Воронов вдруг резко вскочил. Лицо его побагровело, исказилось и стало страшным. Казалось, он сейчас обрушит на следователя удары своих длинных костлявых рук.
— А мне плевать, что у тебя получается! — срывающимся голосом закричал он. — Погубить хотите, дело пришиваете? Ишь как ловко подвел! Ты, может, еще скажешь, что я убить ее хотел?!
Дверь открылась. В камеру, привлеченный криком, заглянул дежурный по коридору. Митин сделал ему успокоительный знак.
— Не знаю, возможно, и хотели. Лишь счастливая случайность спасла женщину от смерти. Благодарите судьбу, Воронов, что она жива осталась. Лучше скажите, где спрятали вещи и деньги? В Москве, в Старой Рузе?

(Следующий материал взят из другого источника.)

lemma necklace_covering_cofinite_component:
  assumes cS: "connectoid S F" and "countable X" "infinite X"
    and cofinite: "\<And>Y. finite Y \<Longrightarrow> Y \<subseteq> S \<Longrightarrow> \<exists>C\<in>components F (S - Y). finite (X - C)"
    and C: "C \<in> components F S" "finite (X - C)"
  shows "\<exists>N. necklace F N \<and> N \<subseteq> S \<and> X \<inter> C \<subseteq> N"
proof -
  define D where "D Y = (SOME C. C \<in> components F (S - Y) \<and> finite (X - C))" for Y
  have D: "D Y \<in> components F (S - Y) \<and> finite (X - D Y)" if "finite Y" "Y \<subseteq> S" for Y
  proof -
    have "\<exists>C. C \<in> components F (S - Y) \<and> finite (X - C)" using cofinite[OF that] by blast
    then show ?thesis unfolding D_def by (rule someI_ex)
  qed
  have "D {} \<in> components F S" "finite (X - D {})" using D[of "{}"] by simp_all
  then have D_empty: "D {} = C"
    using components_eq_cofinite[OF cS _ C(1) \<open>infinite X\<close> _ C(2)] by blast
  obtain r where r: "r \<in> D {}" using infinite_Int_cofinite[OF \<open>infinite X\<close> C(2) C(2)] D_empty by blast
  define x where "x = from_nat_into X"
  obtain H :: "nat \<Rightarrow> 'a set" where H: "\<And>n. H n \<in> F" "\<And>n. H n \<inter> H (Suc n) \<noteq> {}"
    "\<And>n. H (Suc n) \<subseteq> D (\<Union>k<n. H k)"
    "\<And>n. X \<inter> D (\<Union>k<n. H k) - D (\<Union>k<Suc n. H k) \<subseteq> H (Suc n)"
    "\<And>n. x n \<in> D (\<Union>k<n. H k) \<Longrightarrow> x n \<in> H (Suc n)"
    by (rule cofinite_component_chain[where x=x, OF cS \<open>infinite X\<close> D r]) auto
  have "necklace F (\<Union>n. H n)"
  proof (rule necklace_chain_Union[where H=H, OF cS H(1) H(2)])
    fix k n :: nat assume "k < n"
    have "finite (\<Union>k<n. H k)" "(\<Union>k<n. H k) \<subseteq> S"
      using connectoid_finite[OF cS H(1)] connectoid_subset[OF cS H(1)] by auto
    then have "H (Suc n) \<subseteq> S - (\<Union>k<n. H k)"
      using H(3)[of n] componentsD(1)[OF conjunct1[OF D]] by blast
    then show "H k \<inter> H (Suc n) = {}" using \<open>k < n\<close> by blast
  qed
  moreover have "(\<Union>n. H n) \<subseteq> S" using connectoid_subset[OF cS H(1)] by blast
  moreover have "X \<inter> C \<subseteq> (\<Union>n. H n)"
    using chain_captures_enumeration[where D="\<lambda>n. D (\<Union>k<n. H k)", OF H(4) H(5)]
      subset_range_from_nat_into[OF \<open>countable X\<close>] D_empty unfolding x_def by simp
  ultimately show ?thesis by blast
qed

Воронов тяжело дышал. Подошел к окну, ухватился руками за прутья решетки, стараясь подавить вспышку ярости. Голос его звучал глухо, говорил он не оборачиваясь:
— Ничего не знаю… Не грабил, не убивал. Так в протоколе и запишите. Мало ли чего! Вы сначала докажите, что я грабил… придумать все можно.
— А мы ничего не придумывали. Зачем нам придумывать, когда у нас на руках все улики и доказательства? Попробуйте их опровергнуть. Ну, я жду. Молчите?

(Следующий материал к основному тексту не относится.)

lemma e_eq_zero: "e = (\<lambda>n. 0)"
proof -
  have N: "in_UB (\<rho> (gmat 1 1))"
    by (simp add: rho_in_UB gmat_in_SU11)
  have "Bf (vsmul c (\<rho> (gmat 1 1) e2)) (vsmul c (\<rho> (gmat 1 1) e2)) = 0"
    using in_UB_Bf[OF N e2 e2] in_UB_Hsp[OF N e2] e2 B22 by simp
  moreover have "Bf e1 e = 0" "Bf e2 e = 0"
    using Bf_swap[OF e1 e(1)] Bf_swap[OF e2 e(1)] e by simp_all
  ultimately have "K + cnj K + Bf e e = 0"
    using e1 e2 e B11 B12 B21 B22 by (simp add: N_e2 algebra_simps)
  then have "Bf e e = 0"
    using K_imaginary by (simp add: complex_add_cnj)
  then show ?thesis
    using isotropic_orthogonal_eq_zero e by blast
qed

lemma c_nonzero: "c \<noteq> 0"
  using c_unit by auto

lemma N_e1_coords: "\<rho> (gmat 1 1) e1 = vadd (vsmul (1/c) e1) (vsmul 0 e2)"
proof -
  have "\<rho> (gmat 1 1) e1 = vsmul (1/c) e1"
    using N_e1 vsmul_eq_iff[OF c_nonzero] by blast
  then show ?thesis
    by (simp add: vadd_def vsmul_def)
qed

lemma N_e2_coords: "\<rho> (gmat 1 1) e2 = vadd (vsmul (K/c) e1) (vsmul (1/c) e2)"
proof -
  have "\<rho> (gmat 1 1) e2 = vsmul (1/c) (vadd (vadd (vsmul K e1) e2) e)"
    using N_e2 vsmul_eq_iff[OF c_nonzero] by blast
  then show ?thesis
    by (simp add: e_eq_zero vadd_def vsmul_def algebra_simps)
qed

lemma unipotent_one_in_stab: "gmat 1 1 \<in> stab"
  by (rule stab_intro) (simp_all add: gmat_in_SU11 N_e1_coords N_e2_coords in_span2)

lemma rho_diagonal_eigen:
  assumes "t > 0" "t \<noteq> 1"
  obtains m1 m2 where "\<rho> (gmat t 0) e1 = vsmul m1 e1" "\<rho> (gmat t 0) e2 = vsmul m2 e2"
    "m1 * cnj m2 = 1"
proof -
  obtain m1 m2 where m: "\<rho> (gmat t 0) e1 = vsmul m1 e1" "\<rho> (gmat t 0) e2 = vsmul m2 e2"
    using fixes_e1[of t 0] fixes_e2[of t] assms by (auto simp: fixes_pt_def)
  have "m1 * cnj m2 = Bf (\<rho> (gmat t 0) e1) (\<rho> (gmat t 0) e2)"
    using e1 e2 B12 by (simp add: m)
  also have "\<dots> = 1"
    using in_UB_Bf[OF rho_in_UB e1 e2] B12 assms by (simp add: gmat_in_SU11)
  finally show ?thesis
    using that m by blast
qed

lemma diagonal_in_stab:
  assumes "t > 0"
  shows "gmat t 0 \<in> stab"
proof -
  have "gmat t 0 \<in> stab" if t: "t > 0" "t \<noteq> 1" for t
  proof -
    obtain m1 m2 where "\<rho> (gmat t 0) e1 = vsmul m1 e1" "\<rho> (gmat t 0) e2 = vsmul m2 e2"
      using rho_diagonal_eigen[OF t] by blast
    then show ?thesis
      using t e1_in_W e2_in_W by (intro stab_intro) (simp_all add: gmat_in_SU11 span2_vsmul)
  qed
  moreover have "gmat 1 0 = gmat 2 0 ** gmat (1/2) 0"
    by (simp add: gmat_mult)
  ultimately show ?thesis
    using assms stab_mult by (cases "t = 1") auto
qed

text \<open>Conjugation by g(sqrt 2, 0) turns g(1,1) into g(1,2) = g(1,1)^2; comparing the
  \<eta>1-coordinates of both sides applied to \<eta>2 gives m1 = 2 m2, which is where K \<noteq> 0 is used.\<close>
lemma rho_diagonal_sqrt2_hyperbolic:
  obtains m1 m2 where "\<rho> (gmat (sqrt 2) 0) e1 = vsmul m1 e1" "\<rho> (gmat (sqrt 2) 0) e2 = vsmul m2 e2"
    "cmod m1 \<noteq> 1" "cmod m2 \<noteq> 1"
proof -
  define t where "t = sqrt (2::real)"
  have t: "t > 0" "t \<noteq> 1" "t \<noteq> 0" "2 / t = t"
    by (auto simp: t_def field_simps)
  let ?A = "\<rho> (gmat t 0)" and ?N = "\<rho> (gmat 1 1)"
  obtain m1 m2 where A1: "?A e1 = vsmul m1 e1" and A2: "?A e2 = vsmul m2 e2"
    and m12: "m1 * cnj m2 = 1"
    using rho_diagonal_eigen[OF t(1,2)] by blast
  have in_SU11: "gmat t 0 \<in> SU11" "gmat 1 1 \<in> SU11" "gmat 1 2 \<in> SU11"
    using t by (simp_all add: gmat_in_SU11)
  have "gmat t 0 ** gmat 1 1 = gmat 1 2 ** gmat t 0"
    using t by (simp add: gmat_mult)
  then obtain k where k: "k \<noteq> 0" "\<And>v. v \<in> Hsp \<Longrightarrow> ?A (?N v) = vsmul k (\<rho> (gmat 1 2) (?A v))"
    using rho_mult_eq[OF in_SU11(1,2,3,1)] by blast
  obtain k' where k': "\<And>v. v \<in> Hsp \<Longrightarrow> \<rho> (gmat 1 2) v = vsmul k' (?N (?N v))"
    using rho_mult[OF in_SU11(2,2)] by (auto simp: gmat_mult)
  have A_coords: "?A e1 = vadd (vsmul m1 e1) (vsmul 0 e2)" "?A e2 = vadd (vsmul 0 e1) (vsmul m2 e2)"
    by (simp_all add: A1 A2 vadd_def vsmul_def)
  have "?A (?N e2) = vadd (vsmul (K/c * m1) e1) (vsmul (1/c * m2) e2)"
    using Hsp_linear_combination[OF rho_Hsp_linear[OF in_SU11(1)] A_coords] by (simp add: N_e2_coords)
  moreover have "?A (?N e2) = vadd (vsmul (k * m2 * k' * (2 * K / c^2)) e1) (vsmul (k * m2 * k' / c^2) e2)"
  proof -
    have "?N (?N e2) = vadd (vsmul (2 * K / c^2) e1) (vsmul (1 / c^2) e2)"
      using Hsp_linear_combination[OF rho_Hsp_linear[OF in_SU11(2)] N_e1_coords N_e2_coords]
      by (simp add: N_e2_coords power2_eq_square)
    moreover have "\<rho> (gmat 1 2) (?A e2) = vsmul m2 (\<rho> (gmat 1 2) e2)"
      using Hsp_linear_vsmul[OF rho_Hsp_linear[OF in_SU11(3)] e2] by (simp add: A2)
    ultimately show ?thesis
      using k(2)[OF e2] k'[OF e2] by (simp add: vsmul_vsmul vsmul_combination mult_ac)
  qed
  ultimately have coeff1: "K/c * m1 = k * m2 * k' * (2 * K / c^2)"
    and coeff2: "1/c * m2 = k * m2 * k' / c^2"
    by (simp_all add: combination_eq_iff)
  have "K/c * m1 = 2 * K * (k * m2 * k' / c^2)"
    using coeff1 by simp
  also have "\<dots> = 2 * K * (1/c * m2)"
    using coeff2 by simp
  finally have "K/c * m1 = K/c * (2 * m2)"
    by simp
  then have m1: "m1 = 2 * m2"
    using K_imaginary(2) c_nonzero by simp
  have "2 * (m2 * cnj m2) = 1"
    using m12 by (simp add: m1 mult.assoc)
  then have "complex_of_real (2 * (cmod m2)\<^sup>2) = 1"
    by (simp only: of_real_mult of_real_numeral complex_norm_square)
  then have "2 * (cmod m2)\<^sup>2 = 1"
    by (simp only: of_real_eq_1_iff)
  then have "(cmod m2)\<^sup>2 = 1/2" "(cmod m1)\<^sup>2 = 2"
    by (simp_all add: m1 norm_mult power_mult_distrib)
  then have "cmod m1 \<noteq> 1" "cmod m2 \<noteq> 1"
    by auto
  then show ?thesis
    using that A1 A2 unfolding t_def by blast
qed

Парнем овладел страх. Он вернулся, сел на свое место, жадно закурил. Сергей Петрович тоже вынул сигарету.
— А как их опровергнешь? — тихо, словно говоря сам с собой, произнес Воронов, глядя в пол. Потом опять истерично закричал: — Не хочу я опровергать! Вы докажите!
— Ну вот, опять! — огорченно вздохнул Митин.
— Не грабил — и все!
Редки случаи, когда преступник сразу признает предъявленное ему обвинение. Обычно изворачивается, лжет, все отрицает. И сдается лишь припертый неопровержимыми уликами, показаниями свидетелей или на очной ставке. Но бывают и такие, что несмотря ни на что все равно упорно отказываются признать себя виновными.
По всей видимости, к последней категории принадлежал и Воронов. Митину был знаком этот тип людей; с ними тяжело и противно иметь дело — вопреки логике и фактам, они с маниакальной настойчивостью твердят одно: нет, нет и нет…
Неподготовленный к разговору о грабеже, захваченный им врасплох, надеявшийся, что все сведется лишь к случаю в Рузе, Воронов растерялся и тоже пошел по самому простому и легкому пути — отрицанию всего. Но что он будет говорить, когда лицом к лицу встретится с женщиной, которую ударил молотком?
Процедура предъявления личности подозреваемого жертве ограбления была подготовлена строго по форме. Укладову из общей палаты перевели временно в отдельную, довольно большую, светлую, с двумя окнами, выходящими в сад. Женщину предупредили об ответственности за дачу ложных показаний. Воронов был доставлен из тюрьмы под конвоем — сопровождал его, кроме Митина и Бабина, конвоир охраны. В коридоре больницы недалеко от палаты, куда была переведена Укладова, дожидались четверо таксистов, специально подобранных Бабиным. Были они молодыми, худощавыми и примерно одного роста с Вороновым. Так требовал закон. Подозреваемый не должен резко отличаться от них наружностью.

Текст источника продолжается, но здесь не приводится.